Богарт как бы заинтересовался ее методом, но яростные глаза и губы Че были выше неполитических актов насилия.
– Убери ее, – крикнул Ллев. – Ты ж мне друг. Вели гребаной суке, пускай перестанет. Ты же мне кореш, правда?
– Нет.
Он пятился к заднему – садовому – окну, выставив обе руки перед орудием, щелкавшим йях-йях. Мисс Эммет стригнула по пальцу, пошла кровь. Ллев взвыл, ухватился за крошечную кровоточащую ранку с перепуганно вытаращенными глазами гемофила. Мисс Эммет щелкала, целясь в промежность, вступая в ту самую сферу действия трех множественных форм: ножницы, брюки, яйца. Ллев завопил:
– Старик, она сумасшедшая, мать твою.
Он забрался задом на узенький подоконник с намереньем отбрыкиваться обеими ногами. Она с портновским проворством раскроила левую штанину. Он взвыл над испорченным материалом, дико идентифицированным с нижележащей плотью. Мисс Эммет перевела теперь свое орудие в истинно единственное число. Щелкнув, смолкли челюсти, она схватила слившийся воедино дуэт, заострившийся с обоих концов, за талию, за перекрестье, кольца изумленными глазами глядели из дыр крепко сжатого кулака у большого пальца и мизинца. И при каждом движении Лльва наносила укол за уколом. Ллев собрался пойти единственным путем, выскочить в окно: там верхушка дерева, прыгай. Неуклюже перекосившись, с воем толкнул раму вверх. Мисс Эммет минимально опешила под дуновеньем холодного воздуха, а чашечки бюстгальтера наполнились бризом и затанцевали. Мисс Эммет пронзила спину, не слишком глубоко. Он к ней повернулся, ругаясь, толкаясь, включая и меня в проклятия:
– Твою мать y-y y-y свинский ублюдок убери ее y-y y-y y-y мать твою мою мать твою y-y y-y.
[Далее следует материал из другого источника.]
(* Let $r\ge2$ be an integer, let $f\in C_p(\mathbb{R})$, let $n\in\mathbb{N}_0$, $k\in\{0,1,\dots,r^n-1\}$, $y\in(0,1)$ and $t\in(0,\infty)$. Then $$q_f\Big(t,x;\tfrac{k+y}{r^n}\Big)\ge \min\Big\{q_f\Big(t,x;\tfrac{k}{r^n}\Big),\,q_f\Big(t,x;\tfrac{k+1}{r^n}\Big)\Big\}\quad\text{for all }x\in\mathbb{R}$$ holds if and only if $\Delta_{n,k}(y;f)\le -\frac1t$.
   Context: $C_p(\mathbb{R})$ denotes the set of all continuous functions $f:\mathbb{R}\to\mathbb{R}$ periodic with period $1$ with $f(0)=0$; $\mathbb{N}_0=\mathbb{N}\cup\{0\}$. For $f\in C_p(\mathbb{R})$, $q_f(t,x;z)=f(z)+\frac{1}{2t}(x-z)^2$ for $(t,x,z)\in(0,\infty)\times\mathbb{R}\times\mathbb{R}$. For $(n,k,y)\in\mathbb{N}_0\times\mathbb{Z}\times(0,1)$, $\delta^+_{n,k}(y;f)=\dfrac{f(\frac{k+1}{r^n})-f(\frac{k+y}{r^n})}{\frac{1-y}{r^n}}$, $\delta^-_{n,k}(y;f)=\dfrac{f(\frac{k+y}{r^n})-f(\frac{k}{r^n})}{\frac{y}{r^n}}$, and $\Delta_{n,k}(y;f)=2r^n\big(\delta^+_{n,k}(y;f)-\delta^-_{n,k}(y;f)\big)$. *)

theory Defs
  imports Complex_Main
begin

definition Cp :: "(real \<Rightarrow> real) set" where
  "Cp = {f. continuous_on UNIV f \<and> (\<forall>x. f (x + 1) = f x) \<and> f 0 = 0}"

definition q :: "(real \<Rightarrow> real) \<Rightarrow> real \<Rightarrow> real \<Rightarrow> real \<Rightarrow> real" where
  "q f t x z = f z + (x - z)^2 / (2 * t)"

definition delta_plus :: "nat \<Rightarrow> (real \<Rightarrow> real) \<Rightarrow> nat \<Rightarrow> int \<Rightarrow> real \<Rightarrow> real" where
  "delta_plus r f n k y =
     (f ((of_int k + 1) / real r ^ n) - f ((of_int k + y) / real r ^ n)) / ((1 - y) / real r ^ n)"

definition delta_minus :: "nat \<Rightarrow> (real \<Rightarrow> real) \<Rightarrow> nat \<Rightarrow> int \<Rightarrow> real \<Rightarrow> real" where
  "delta_minus r f n k y =
     (f ((of_int k + y) / real r ^ n) - f (of_int k / real r ^ n)) / (y / real r ^ n)"

definition Delta :: "nat \<Rightarrow> (real \<Rightarrow> real) \<Rightarrow> nat \<Rightarrow> int \<Rightarrow> real \<Rightarrow> real" where
  "Delta r f n k y = 2 * real r ^ n * (delta_plus r f n k y - delta_minus r f n k y)"

end

theory Submission
  imports Defs
begin

text \<open>The parabolas \<open>x \<mapsto> q f t x z\<close> all have the same leading coefficient, so two of them
  cross at a single point, and which one lies lower on either side is determined by the order of
  their vertices. Hence, for \<open>z\<^sub>0 < z\<^sub>1 < z\<^sub>2\<close>, the middle parabola dominates the minimum of the
  outer two exactly when the half-line where it lies above the left one and the half-line where
  it lies above the right one cover \<open>\<real>\<close>, i.e. when the crossing point with the right parabola
  does not exceed that with the left one. Written out, this is a bound on the second divided
  difference of \<open>f\<close>, namely \<open>Delta r f n k y\<close>.\<close>

definition crossing :: "(real \<Rightarrow> real) \<Rightarrow> real \<Rightarrow> real \<Rightarrow> real \<Rightarrow> real" where
  "crossing f t z w = (z + w) / 2 + t * (f w - f z) / (w - z)"

lemma crossing_commute: "crossing f t z w = crossing f t w z"
  unfolding crossing_def by (cases "z = w") (simp_all add: field_simps)

lemma q_diff: "q f t x w - q f t x z = f w - f z - (w - z) * (2 * x - z - w) / (2 * t)"
  unfolding q_def by (cases "t = 0") (simp_all add: field_simps power2_eq_square)

lemma q_le_q_iff_le_crossing:
  assumes "0 < t" and "z < w"
  shows "q f t x z \<le> q f t x w \<longleftrightarrow> x \<le> crossing f t z w"
proof -
  have "q f t x z \<le> q f t x w \<longleftrightarrow> (w - z) * (2 * x - z - w) / (2 * t) \<le> f w - f z"
    using q_diff [of f t x w z] by linarith
  also have "\<dots> \<longleftrightarrow> (w - z) * (2 * x - z - w) \<le> 2 * t * (f w - f z)"
    using assms(1) by (simp add: pos_divide_le_eq mult.commute)
  also have "\<dots> \<longleftrightarrow> 2 * x - z - w \<le> 2 * t * (f w - f z) / (w - z)"
    using assms(2) by (simp add: pos_le_divide_eq mult.commute)
  finally show ?thesis
    unfolding crossing_def by (simp add: field_simps)
qed

lemma q_le_q_iff_crossing_le:
  assumes "0 < t" and "w < z"
  shows "q f t x z \<le> q f t x w \<longleftrightarrow> crossing f t z w \<le> x"
proof -
  have reflect: "(w - z) * (2 * x - z - w) = (z - w) * (z + w - 2 * x)"
    by (simp add: algebra_simps)
  have "q f t x z \<le> q f t x w \<longleftrightarrow> (z - w) * (z + w - 2 * x) / (2 * t) \<le> f w - f z"
    using q_diff [of f t x w z, unfolded reflect] by linarith
  also have "\<dots> \<longleftrightarrow> (z - w) * (z + w - 2 * x) \<le> 2 * t * (f w - f z)"
    using assms(1) by (simp add: pos_divide_le_eq mult.commute)
  also have "\<dots> \<longleftrightarrow> z + w - 2 * x \<le> 2 * t * (f w - f z) / (z - w)"
    using assms(2) by (simp add: pos_le_divide_eq mult.commute)
  finally show ?thesis
    unfolding crossing_def using assms(2) by (simp add: divide_minus_right [symmetric] field_simps)
qed

lemma halflines_cover_iff:
  fixes a b :: real
  shows "(\<forall>x. x \<le> a \<or> b \<le> x) \<longleftrightarrow> b \<le> a"
proof
  assume "\<forall>x. x \<le> a \<or> b \<le> x"
  from this [rule_format, of "(a + b) / 2"] show "b \<le> a" by auto
qed auto

lemma q_ge_min_iff_crossing_le:
  assumes "0 < t" and "z\<^sub>0 < z\<^sub>1" and "z\<^sub>1 < z\<^sub>2"
  shows "(\<forall>x. min (q f t x z\<^sub>0) (q f t x z\<^sub>2) \<le> q f t x z\<^sub>1)
    \<longleftrightarrow> crossing f t z\<^sub>1 z\<^sub>2 \<le> crossing f t z\<^sub>0 z\<^sub>1"
proof -
  have "min (q f t x z\<^sub>0) (q f t x z\<^sub>2) \<le> q f t x z\<^sub>1
      \<longleftrightarrow> x \<le> crossing f t z\<^sub>0 z\<^sub>1 \<or> crossing f t z\<^sub>1 z\<^sub>2 \<le> x" for x
    using q_le_q_iff_le_crossing [OF assms(1,2)] q_le_q_iff_crossing_le [OF assms(1,3)]
    by (simp add: min_le_iff_disj crossing_commute [of f t z\<^sub>2])
  then show ?thesis
    by (simp add: halflines_cover_iff)
qed

lemma crossing_le_iff_divided_difference:
  assumes "0 < t" and "z\<^sub>0 < z\<^sub>1" and "z\<^sub>1 < z\<^sub>2"
  shows "crossing f t z\<^sub>1 z\<^sub>2 \<le> crossing f t z\<^sub>0 z\<^sub>1
    \<longleftrightarrow> 2 / (z\<^sub>2 - z\<^sub>0) * ((f z\<^sub>2 - f z\<^sub>1) / (z\<^sub>2 - z\<^sub>1) - (f z\<^sub>1 - f z\<^sub>0) / (z\<^sub>1 - z\<^sub>0)) \<le> - 1 / t"
proof -
  define D where "D = (f z\<^sub>2 - f z\<^sub>1) / (z\<^sub>2 - z\<^sub>1) - (f z\<^sub>1 - f z\<^sub>0) / (z\<^sub>1 - z\<^sub>0)"
  have "crossing f t z\<^sub>1 z\<^sub>2 - crossing f t z\<^sub>0 z\<^sub>1 = (z\<^sub>2 - z\<^sub>0) / 2 + t * D"
    unfolding crossing_def D_def by (simp add: right_diff_distrib add_divide_distrib diff_divide_distrib)
  moreover have "(z\<^sub>2 - z\<^sub>0) / 2 + t * D \<le> 0 \<longleftrightarrow> 2 / (z\<^sub>2 - z\<^sub>0) * D \<le> - 1 / t"
    using assms by (simp add: field_simps)
  ultimately show ?thesis
    unfolding D_def by linarith
qed

lemma Delta_eq_divided_difference:
  fixes k :: int and n :: nat and y :: real
  assumes "0 < r"
  defines "z\<^sub>0 \<equiv> of_int k / real r ^ n" and "z\<^sub>1 \<equiv> (of_int k + y) / real r ^ n"
    and "z\<^sub>2 \<equiv> (of_int k + 1) / real r ^ n"
  shows "Delta r f n k y
    = 2 / (z\<^sub>2 - z\<^sub>0) * ((f z\<^sub>2 - f z\<^sub>1) / (z\<^sub>2 - z\<^sub>1) - (f z\<^sub>1 - f z\<^sub>0) / (z\<^sub>1 - z\<^sub>0))"
proof -
  have "z\<^sub>2 - z\<^sub>0 = 1 / real r ^ n" "z\<^sub>2 - z\<^sub>1 = (1 - y) / real r ^ n" "z\<^sub>1 - z\<^sub>0 = y / real r ^ n"
    unfolding z\<^sub>0_def z\<^sub>1_def z\<^sub>2_def by (simp_all add: diff_divide_distrib [symmetric])
  then show ?thesis
    unfolding Delta_def delta_plus_def delta_minus_def z\<^sub>0_def [symmetric] z\<^sub>1_def [symmetric]
      z\<^sub>2_def [symmetric]
    using assms(1) by simp
qed

theorem proposition2p2:
  fixes r n :: nat and k :: int and f :: "real \<Rightarrow> real" and y t :: real
  assumes "r \<ge> 2" and "f \<in> Cp" and "0 \<le> k" and "k \<le> int (r ^ n) - 1"
    and "0 < y" and "y < 1" and "0 < t"
  shows "(\<forall>x::real. q f t x ((of_int k + y) / real r ^ n)
            \<ge> min (q f t x (of_int k / real r ^ n)) (q f t x ((of_int k + 1) / real r ^ n)))
         \<longleftrightarrow> Delta r f n k y \<le> - 1 / t"
proof -
  define z\<^sub>0 where "z\<^sub>0 = of_int k / real r ^ n"
  define z\<^sub>1 where "z\<^sub>1 = (of_int k + y) / real r ^ n"
  define z\<^sub>2 where "z\<^sub>2 = (of_int k + 1) / real r ^ n"
  have "0 < real r ^ n"
    using assms(1) by simp
  then have "z\<^sub>0 < z\<^sub>1" "z\<^sub>1 < z\<^sub>2"
    unfolding z\<^sub>0_def z\<^sub>1_def z\<^sub>2_def using assms(5,6) by (simp_all add: divide_strict_right_mono)
  moreover have "0 < r"
    using assms(1) by simp
  ultimately show ?thesis
    unfolding z\<^sub>0_def [symmetric] z\<^sub>1_def [symmetric] z\<^sub>2_def [symmetric]
      Delta_eq_divided_difference [OF \<open>0 < r\<close>]
    by (simp add: q_ge_min_iff_crossing_le crossing_le_iff_divided_difference assms(7))
qed

end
Она нацелилась в глаза, и инстинкт, столь часто неправый, подсказал ему, будто это жизненно важней равновесия. Размахивая перед лицом руками, он как бы утопал в спинке кресла, которого не было. И выпал, теперь громко воя, вниз головой, вверх ногами, в верхний слой садовой атмосферы. У меня на мгновенье возникло забавное убеждение, что таким, собственно, и должен быть его конец; художник, дорабатывая собственное произведение, просто стер его с полотна между окном и землей. После этого никакого Лльва, ни живого, ни мертвого. Мисс Эммет, тяжело дыша, отступила, и молвила:
– Словно. Снова. Увидела. Его отца.
Если ей хотелось быть миссис Олвин, то удалившийся актер вполне сошел бы за Освальда. Она имела в виду моего отца не при попытке инцеста, а в страхе перед ножницами. Впрочем, не время думать об этом. Я помнил, что жизнь – рисованный комикс, там внизу нечто весомое, мертвое или живое. Оттолкнул Катерину, побежал вниз по лестнице. Топоча, задыхаясь, моля Бога, чтоб не вернулась астма, я вдруг понял то, что должен был раньше понять, что имел в виду утром Гонци. Но придется с этим обождать.